Required action -> In the records below, find the line containing "p (Suc i mod" and the line containing "text \<open>Signed area"; please repeat exactly the lines from one to the other, both included, and nothing more.

(Source data)
(* Let $n\ge4$. The infimum of $\operatorname{Rib}(\mathcal{U}_{w,F})$ over all folded ribbon $n$-stick unknots $\mathcal{U}_{w,F}$ whose diagram $\mathcal{U}$ is a non-degenerate $n$-gon with all fold (interior) angles satisfying $\frac{\pi}{2}\le\alpha_i<\pi$ equals $n\cot(\frac{\pi}{n})$, and it is attained when $\mathcal{U}$ is a regular $n$-gon.
   Context: Non-degenerate $n$-gon: side lengths nonzero, interior angles not equal to $\pi$. For width $w>0$, the folded ribbon $\mathcal{U}_{w,F}$ is a flat strip of width $w$ centred on $\mathcal{U}$ (boundary parallel to and at distance $w/2$ from each edge), folded at each vertex along a fold line through the vertex perpendicular to the bisector of the angle there; it is a piecewise-linear immersion of an annulus or Möbius band into the plane whose only singularities are the pairwise disjoint fold lines, with consistent crossing information; $F$ is the folding information. The folded ribbonlength is $\operatorname{Rib}(\mathcal{U}_{w,F})=\operatorname{Len}(\mathcal{U})/w$. *)

theory Defs
  imports "HOL-Analysis.Analysis"
begin

text \<open>A closed polygon with n vertices in the plane (identified with the complex plane).
  The vertices are p 0, ..., p (n-1); indices are taken modulo n.\<close>

definition vtx :: "nat \<Rightarrow> (nat \<Rightarrow> complex) \<Rightarrow> nat \<Rightarrow> complex" where
  "vtx n p i = p (i mod n)"

definition prev_vtx :: "nat \<Rightarrow> (nat \<Rightarrow> complex) \<Rightarrow> nat \<Rightarrow> complex" where
  "prev_vtx n p i = p ((i + n - 1) mod n)"

definition next_vtx :: "nat \<Rightarrow> (nat \<Rightarrow> complex) \<Rightarrow> nat \<Rightarrow> complex" where
  "next_vtx n p i = p (Suc i mod n)"

definition edge :: "nat \<Rightarrow> (nat \<Rightarrow> complex) \<Rightarrow> nat \<Rightarrow> complex set" where
  "edge n p i = closed_segment (vtx n p i) (next_vtx n p i)"

definition simple_polygon :: "nat \<Rightarrow> (nat \<Rightarrow> complex) \<Rightarrow> bool" where
  "simple_polygon n p \<longleftrightarrow> n \<ge> 3 \<and>
     (\<forall>i<n. \<forall>j<n. i \<noteq> j \<longrightarrow>
        (if j = Suc i mod n then edge n p i \<inter> edge n p j = {vtx n p j}
         else if i = Suc j mod n then edge n p i \<inter> edge n p j = {vtx n p i}
         else edge n p i \<inter> edge n p j = {}))"

definition polygon_length :: "nat \<Rightarrow> (nat \<Rightarrow> complex) \<Rightarrow> real" where
  "polygon_length n p = (\<Sum>i<n. cmod (next_vtx n p i - vtx n p i))"

text \<open>Signed area (shoelace formula); its sign is the orientation of the polygon.\<close>
definition signed_area :: "nat \<Rightarrow> (nat \<Rightarrow> complex) \<Rightarrow> real" where
  "signed_area n p = (\<Sum>i<n. Im (cnj (vtx n p i) * next_vtx n p i)) / 2"

definition turning_angle :: "nat \<Rightarrow> (nat \<Rightarrow> complex) \<Rightarrow> nat \<Rightarrow> real" where
  "turning_angle n p i = Arg ((next_vtx n p i - vtx n p i) / (vtx n p i - prev_vtx n p i))"

text \<open>Interior angle at vertex i of a simple polygon: pi minus the turning angle, measured
  with respect to the positive (counterclockwise) orientation.\<close>
definition interior_angle :: "nat \<Rightarrow> (nat \<Rightarrow> complex) \<Rightarrow> nat \<Rightarrow> real" where
  "interior_angle n p i = pi - sgn (signed_area n p) * turning_angle n p i"

definition nondegenerate :: "nat \<Rightarrow> (nat \<Rightarrow> complex) \<Rightarrow> bool" where
  "nondegenerate n p \<longleftrightarrow>
     (\<forall>i<n. next_vtx n p i \<noteq> vtx n p i) \<and> (\<forall>i<n. interior_angle n p i \<noteq> pi)"

definition bisector :: "nat \<Rightarrow> (nat \<Rightarrow> complex) \<Rightarrow> nat \<Rightarrow> complex" where
  "bisector n p i = sgn (prev_vtx n p i - vtx n p i) + sgn (next_vtx n p i - vtx n p i)"

definition fold_line :: "nat \<Rightarrow> (nat \<Rightarrow> complex) \<Rightarrow> nat \<Rightarrow> complex set" where
  "fold_line n p i = {x. inner (x - vtx n p i) (bisector n p i) = 0}"

text \<open>The part of the fold line at vertex i lying in the (open) ribbon of width w, i.e. the
  points of the fold line at distance less than w/2 from the line of the edges at vertex i
  (by symmetry of the fold the incoming and the outgoing edge give the same set).\<close>
definition fold_segment :: "nat \<Rightarrow> (nat \<Rightarrow> complex) \<Rightarrow> real \<Rightarrow> nat \<Rightarrow> complex set" where
  "fold_segment n p w i = {x \<in> fold_line n p i.
       infdist x (affine hull {prev_vtx n p i, vtx n p i}) < w / 2}"

text \<open>Folding (crossing) information can always be chosen consistently
  and does not affect the ribbonlength.\<close>
definition folded_ribbon :: "nat \<Rightarrow> (nat \<Rightarrow> complex) \<Rightarrow> real \<Rightarrow> bool" where
  "folded_ribbon n p w \<longleftrightarrow> w > 0 \<and>
     (\<forall>i<n. \<forall>j<n. i \<noteq> j \<longrightarrow> fold_segment n p w i \<inter> fold_segment n p w j = {})"

definition ribbonlength :: "nat \<Rightarrow> (nat \<Rightarrow> complex) \<Rightarrow> real \<Rightarrow> real" where
  "ribbonlength n p w = polygon_length n p / w"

Exercise output ->
  "next_vtx n p i = p (Suc i mod n)"

definition edge :: "nat \<Rightarrow> (nat \<Rightarrow> complex) \<Rightarrow> nat \<Rightarrow> complex set" where
  "edge n p i = closed_segment (vtx n p i) (next_vtx n p i)"

definition simple_polygon :: "nat \<Rightarrow> (nat \<Rightarrow> complex) \<Rightarrow> bool" where
  "simple_polygon n p \<longleftrightarrow> n \<ge> 3 \<and>
     (\<forall>i<n. \<forall>j<n. i \<noteq> j \<longrightarrow>
        (if j = Suc i mod n then edge n p i \<inter> edge n p j = {vtx n p j}
         else if i = Suc j mod n then edge n p i \<inter> edge n p j = {vtx n p i}
         else edge n p i \<inter> edge n p j = {}))"

definition polygon_length :: "nat \<Rightarrow> (nat \<Rightarrow> complex) \<Rightarrow> real" where
  "polygon_length n p = (\<Sum>i<n. cmod (next_vtx n p i - vtx n p i))"

text \<open>Signed area (shoelace formula); its sign is the orientation of the polygon.\<close>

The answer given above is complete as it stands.